Начальство встревожилось: такой оборот дела был чреват нежелательными
последствиями. Назвать улицу именем какого-то директора, еще и еврея в придачу — не
слишком ли будет жирно… Меня стал тянуть за рукав секретарь райкома: пора, мол, закругляться.
Я отнял руку и, видя одобрение в глазах сотен людей, подумал: как, каким образом
можно окончательно закрепить согласие их с этой идеей? Да сделать это не только
словами, а лучше — действием, наглядным для каждого, чтобы оно долго не забывалось, по
крайней мере, пока не будет приведено в исполнение.
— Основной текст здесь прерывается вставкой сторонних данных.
lemma unit_multiple_primitive_Z:
  assumes d: "d < 0" and r: "primitive_OF d r" and c: "c \<in> unitsOF d"
  shows "primitive_Z d (c *s r)"
  unfolding primitive_Z_def
proof (intro conjI allI impI)
  have "c * cnj c = 1" and cO: "c \<in> OF d"
    using c unitsOF_iff[OF d] by blast+
  then show "c *s r \<noteq> 0"
    using r by (auto simp: primitive_OF_def vec_eq_iff)
  fix t :: real
  assume "complex_of_real t *s (c *s r) \<in> lattice d"
  then have "of_real t * c \<in> OF d"
    using r by (simp add: primitive_OF_def vector_smult_assoc)
  then have "of_real t * c * cnj c \<in> OF d"
    using OF_mult[OF d] OF_cnj[OF d cO] by blast
  then have "complex_of_real t \<in> OF d"
    using \<open>c * cnj c = 1\<close> by (simp add: mult.assoc)
  then show "t \<in> \<int>"
    using OF_real_imp_Ints[OF d] by fastforce
qed

lemma Hdiv_in_HQ_iff_unit_multiple:
  assumes d: "d < 0" and h: "hermitian_mat A" and sig: "signature_1n A"
    and rL: "r \<in> lattice d" and rp: "primitive_OF d r" and neg: "Re (herm A r r) < 0"
  shows "y \<in> lattice d \<and> primitive_Z d y \<and> QB A (realpt y) (realpt y) = QB A (realpt r) (realpt r)
      \<and> iota ` Hdiv A r \<subseteq> HQ A (realpt y) \<longleftrightarrow> (\<exists>c \<in> unitsOF d. y = c *s r)"
    (is "?special \<longleftrightarrow> _")
proof
  assume special: ?special
  have "herm A v y = 0" if "0 < Re (herm A v v)" and "herm A v r = 0" for v
  proof -
    have "iota v \<in> HQ A (realpt y)"
      using special that by (auto simp: Hdiv_def DLam_def)
    then show ?thesis
      by (simp add: HQ_def QB_iota_realpt)
  qed
  then obtain c where y: "y = c *s r"
    using orthogonal_to_positive_perp_imp_multiple[OF h sig neg] by blast
  then have "c \<in> OF d"
    using special rp by (simp add: primitive_OF_def)
  moreover have "herm A (c *s r) (c *s r) = herm A r r"
    using special by (simp add: y QB_realpt_realpt[OF h])
  then have "c * cnj c * herm A r r = herm A r r"
    by (simp add: herm_scale_left herm_scale_right mult.assoc) (simp add: mult.commute)
  then have "c * cnj c = 1"
    using neg by auto
  ultimately show "\<exists>c \<in> unitsOF d. y = c *s r"
    using y unitsOF_iff[OF d] by blast
next
  assume "\<exists>c \<in> unitsOF d. y = c *s r"
  then obtain c where c: "c \<in> unitsOF d" and y: "y = c *s r"
    by blast
  then have "c \<in> OF d" and cc: "c * cnj c = 1"
    using unitsOF_iff[OF d] by blast+
  have "iota v \<in> HQ A (realpt y)" if "v \<in> Hdiv A r" for v
    using that iota_in_DQ[OF h] by (simp add: Hdiv_def HQ_def QB_iota_realpt y herm_scale_right)
  moreover have "QB A (realpt y) (realpt y) = QB A (realpt r) (realpt r)"
    using cc by (simp add: y QB_realpt_realpt[OF h] herm_scale_left herm_scale_right mult.assoc[symmetric])
      (simp add: mult.commute)
  ultimately show ?special
    using lattice_smult[OF d \<open>c \<in> OF d\<close> rL] unit_multiple_primitive_Z[OF d rp c] y by blast
qed

lemma card_image_two_to_one:
  assumes g: "\<And>a. a \<in> U \<Longrightarrow> g a \<in> U \<and> g a \<noteq> a"
    and F: "\<And>a b. a \<in> U \<Longrightarrow> b \<in> U \<Longrightarrow> F a = F b \<longleftrightarrow> b = a \<or> b = g a"
  shows "card (F ` U) = card U div 2"
proof -
  have fibre: "card {x \<in> U. F x = y} = 2" if y: "y \<in> F ` U" for y
  proof -
    obtain a where a: "a \<in> U" and y: "y = F a"
      using y by blast
    have "F x = F a \<longleftrightarrow> x = a \<or> x = g a" if "x \<in> U" for x
      using F[OF a that] by auto
    then have "{x \<in> U. F x = y} = {a, g a}"
      using g[OF a] y a by auto
    then show ?thesis
      using g[OF a] by (auto simp: card_2_iff)
  qed
  show ?thesis
  proof (cases "finite U")
    case True
    have "card U = (\<Sum>y\<in>F ` U. card {x \<in> U. F x = y})"
      using sum.image_gen[OF True, of "\<lambda>_. 1" F] by (simp only: card_eq_sum)
    also have "\<dots> = 2 * card (F ` U)"
      using fibre by simp
    finally show ?thesis
      by simp
  next
    case False
    have "infinite (F ` U)"
    proof
      assume "finite (F ` U)"
      moreover have "finite {x \<in> U. F x = y}" if "y \<in> F ` U" for y
        using fibre[OF that] by (intro card_ge_0_finite) simp
      ultimately have "finite (\<Union>y\<in>F ` U. {x \<in> U. F x = y})"
        by blast
      moreover have "U = (\<Union>y\<in>F ` U. {x \<in> U. F x = y})"
        by blast
      ultimately show False
        using False by simp
    qed
    then show ?thesis
      using False by simp
  qed
qed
Обычно, быстрая реакция — не мой конек, но тут меня осенило. И уже в следующее
мгновение я, четко чеканя слова, предложил:
— Сегодня, друзья, здесь находятся, практически, все руководители района. Давайте
покажем им свое отношение к человеку, которого мы сегодня провожаем. Поднимите
руку: кто за то, чтобы в Белозерке появилась улица имени Учителя Печерского?
— Что ты делаешь? — шипел сзади меня секретарь, — это что — митинг?!
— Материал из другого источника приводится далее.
(* Let $\nu\in(-1,-1/2)$ and $\gamma_\nu=-1/2-\nu$. Then there exist constants $C,c>0$ such that for all $t>0$ and $x,y>0$, $$p_t^\nu(x,y)\le C\Big[\frac{1}{\sqrt t}\exp\Big(-\frac{|x-y|^2}{ct}\Big)+\frac1x\Big(\frac xy\Big)^{\gamma_\nu}\chi_{\{y<x/2\}}+\frac1y\Big(\frac yx\Big)^{\gamma_\nu}\chi_{\{x/2\le y\}}\Big].$$
   Context: For $\nu>-1$, $p_t^\nu(x,y)$ denotes the integral kernel of the heat semigroup $e^{-t\mathcal L_\nu}$ of the one-dimensional Laguerre operator $\mathcal L_\nu$ on $(0,\infty)$ (eigenfunctions the Laguerre functions $\varphi_k^\nu$, eigenvalues $4k+2\nu+2$). Explicitly, with $r=e^{-4t}$, $p_t^\nu(x,y)=\frac{2(rxy)^{1/2}}{1-r}\exp\big(-\frac12\frac{1+r}{1-r}(x^2+y^2)\big)I_\nu\big(\frac{2r^{1/2}}{1-r}xy\big)$, where $I_\nu$ is the modified Bessel function of the first kind. $\chi_E$ is the indicator function of $E$. *)

theory Defs
  imports "HOL-Analysis.Analysis"
begin

definition besselI :: "real \<Rightarrow> real \<Rightarrow> real" where
  "besselI nu z = (\<Sum>k. (z / 2) powr (2 * real k + nu) / (fact k * Gamma (real k + nu + 1)))"

definition laguerre_heat_kernel :: "real \<Rightarrow> real \<Rightarrow> real \<Rightarrow> real \<Rightarrow> real" where
  "laguerre_heat_kernel nu t x y =
     (let r = exp (-4 * t) in
       2 * sqrt (r * x * y) / (1 - r)
       * exp (- (1/2) * ((1 + r) / (1 - r)) * (x^2 + y^2))
       * besselI nu (2 * sqrt r / (1 - r) * x * y))"

end

theory Submission
  imports Defs
begin

text \<open>In Mehler form the kernel is \<open>2b sqrt(xy) exp(-a(x\<^sup>2 + y\<^sup>2)) I\<^sub>\<nu>(2bxy)\<close>.
  For \<open>-1 < \<nu> < -1/2\<close> the Bessel series is dominated termwise (log-convexity of Gamma
  and the bound \<open>C(2k,k) \<le> 4\<^sup>k / sqrt(3k+1)\<close>) by the even part of a weighted exponential
  series, which gives \<open>I\<^sub>\<nu>(z) \<le> (z/2)\<^sup>\<nu> e\<^sup>z (1+z)\<^sup>-\<^sup>\<nu>\<^sup>-\<^sup>1\<^sup>/\<^sup>2\<close>.
  For \<open>z = 2bxy \<le> 1\<close> this is of order \<open>z\<^sup>\<nu>\<close>, and \<open>u\<^sup>\<nu>\<^sup>+\<^sup>1 e\<^sup>-\<^sup>u \<le> 1\<close> with
  \<open>u = bx\<^sup>2\<close> or \<open>u = by\<^sup>2\<close> leaves exactly the off-diagonal terms. For \<open>z \<ge> 1\<close> it is of order
  \<open>e\<^sup>z / sqrt z\<close>, so the kernel is at most \<open>4 sqrt(2b) exp(-a(x\<^sup>2+y\<^sup>2) + 2bxy)\<close>:
  a Gaussian in \<open>x - y\<close> of width \<open>sqrt t\<close> when \<open>t \<le> 1\<close>, and a Gaussian in \<open>(x, y)\<close>
  itself when \<open>t > 1\<close>.\<close>

section \<open>Bounds for the series of the modified Bessel function\<close>

lemma fact_mult_powr_le_Gamma:
  fixes nu :: real
  assumes "-1 < nu" "nu \<le> 0"
  shows "fact k * (real k + 1) powr nu \<le> Gamma (real k + nu + 1)"
proof -
  define x where "x = real k + nu + 1"
  have x_pos: "x > 0" using assms by (simp add: x_def)
  have Gamma_pos: "Gamma x > 0" using x_pos by (rule Gamma_real_pos)
  text \<open>Log-convexity of Gamma between \<open>x\<close> and \<open>x + 1\<close>, evaluated at \<open>k + 1\<close>.\<close>
  have "(ln \<circ> Gamma) ((1 - (-nu)) *\<^sub>R x + (-nu) *\<^sub>R (x + 1))
        \<le> (1 - (-nu)) * (ln \<circ> Gamma) x + (-nu) * (ln \<circ> Gamma) (x + 1)"
    by (rule convex_onD[OF log_convex_Gamma_real]) (use assms x_pos in auto)
  moreover have "(1 - (-nu)) *\<^sub>R x + (-nu) *\<^sub>R (x + 1) = 1 + real k"
    by (simp add: x_def algebra_simps)
  moreover have "Gamma (x + 1) = x * Gamma x"
    using x_pos by (intro Gamma_plus1) (auto elim!: nonpos_Ints_cases')
  ultimately have "ln (fact k) \<le> (1 + nu) * ln (Gamma x) + (-nu) * ln (x * Gamma x)"
    using Gamma_pos by (simp add: Gamma_fact)
  also have "\<dots> = ln (Gamma x * x powr (-nu))"
    using x_pos Gamma_pos by (simp add: ln_mult_pos ln_powr algebra_simps)
  finally have "fact k \<le> Gamma x * x powr (-nu)"
    using x_pos Gamma_pos by (subst (asm) ln_le_cancel_iff) auto
  hence "fact k * x powr nu \<le> Gamma x"
    using x_pos by (simp add: powr_minus field_simps)
  moreover have "(real k + 1) powr nu \<le> x powr nu"
    using assms x_pos by (intro powr_mono2') (auto simp: x_def)
  ultimately show ?thesis
    by (smt (verit) fact_ge_zero mult_left_mono x_def)
qed

lemma fact_double_squared_le:
  "(fact (2 * k) :: real)^2 * (3 * real k + 1) \<le> 16^k * (fact k)^4"
proof (induction k)
  case 0
  then show ?case by simp
next
  case (Suc k)
  define F where "F = (fact (2 * k) :: real)"
  define G where "G = (fact k :: real)"
  have fact_double_Suc: "(fact (2 * Suc k) :: real) = (2 * real k + 2) * (2 * real k + 1) * F"
  proof -
    have "2 * Suc k = Suc (Suc (2 * k))" by simp
    hence "(fact (2 * Suc k) :: real)
             = of_nat (Suc (Suc (2 * k))) * (of_nat (Suc (2 * k)) * fact (2 * k))"
      by (simp only: fact_Suc of_nat_mult)
    thus ?thesis by (simp add: F_def algebra_simps)
  qed
  have poly: "(2 * real k + 1)^2 * (3 * real k + 4) \<le> 4 * (real k + 1)^2 * (3 * real k + 1)"
    by (simp add: power2_eq_square algebra_simps)
  have "(fact (2 * Suc k) :: real)^2 * (3 * real (Suc k) + 1)
      = 4 * (real k + 1)^2 * ((2 * real k + 1)^2 * (3 * real k + 4)) * F^2"
    by (simp add: fact_double_Suc F_def power2_eq_square algebra_simps)
  also have "\<dots> \<le> 4 * (real k + 1)^2 * (4 * (real k + 1)^2 * (3 * real k + 1)) * F^2"
    by (intro mult_right_mono mult_left_mono poly) auto
  also have "\<dots> = 16 * (real k + 1)^4 * (F^2 * (3 * real k + 1))"
    by (simp add: power2_eq_square power4_eq_xxxx algebra_simps)
  also have "\<dots> \<le> 16 * (real k + 1)^4 * (16^k * G^4)"
    using Suc.IH by (intro mult_left_mono) (auto simp: F_def G_def)
  also have "\<dots> = 16^(Suc k) * (fact (Suc k))^4"
    by (simp add: G_def power_mult_distrib add.commute)
  finally show ?case .
qed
Но дело было сделано: повсюду, сколько доставал взгляд, стоял целый лес рук. Мне
даже показалось, что наступил момент просветления, так это было прекрасно: первое в
истории этого кладбища (а скорее всего — всех кладбищ мира!) открытое народное
волеизъявление, всепогостное голосование!
Ко мне подошла и признательно обняла Тамара Всеволодовна Печерская, жена
покойного. Начальство понуро горбилось рядом.
— Теперь никуда не денутся, — подумалось мне. — Будет Алику достойная память!
***
С тех пор прошло много лет. В Белозерке я бываю редко. Похороны Печерского
помнят многие, но улица его имени в райцентре так и не появилась. Правда, Белозерская
средняя школа № 1 стала со временем носить его имя. Всего через 20 лет!
Интересно, что им хорошего сделала кооперация?!
***
Конец
Расстроился. Потому как у каждого своя правда, а в этом случае моя оказалась мельче и
даже постыднее в своей мелкости. Ведь это он, тогдашний строптивый восьмиклассник, с
которым я сражался далекой осенью 1970 года, оказался неизмеримо выше меня в своей
нестандартности, хоть мне и казалось всегда, что этим качеством я наделен сполна, и
132
даже, признаюсь сейчас со стыдом, что долгие годы оно служило предметом моей
гордости. Как говорится, тот случай, когда маяк оказался фальшивым.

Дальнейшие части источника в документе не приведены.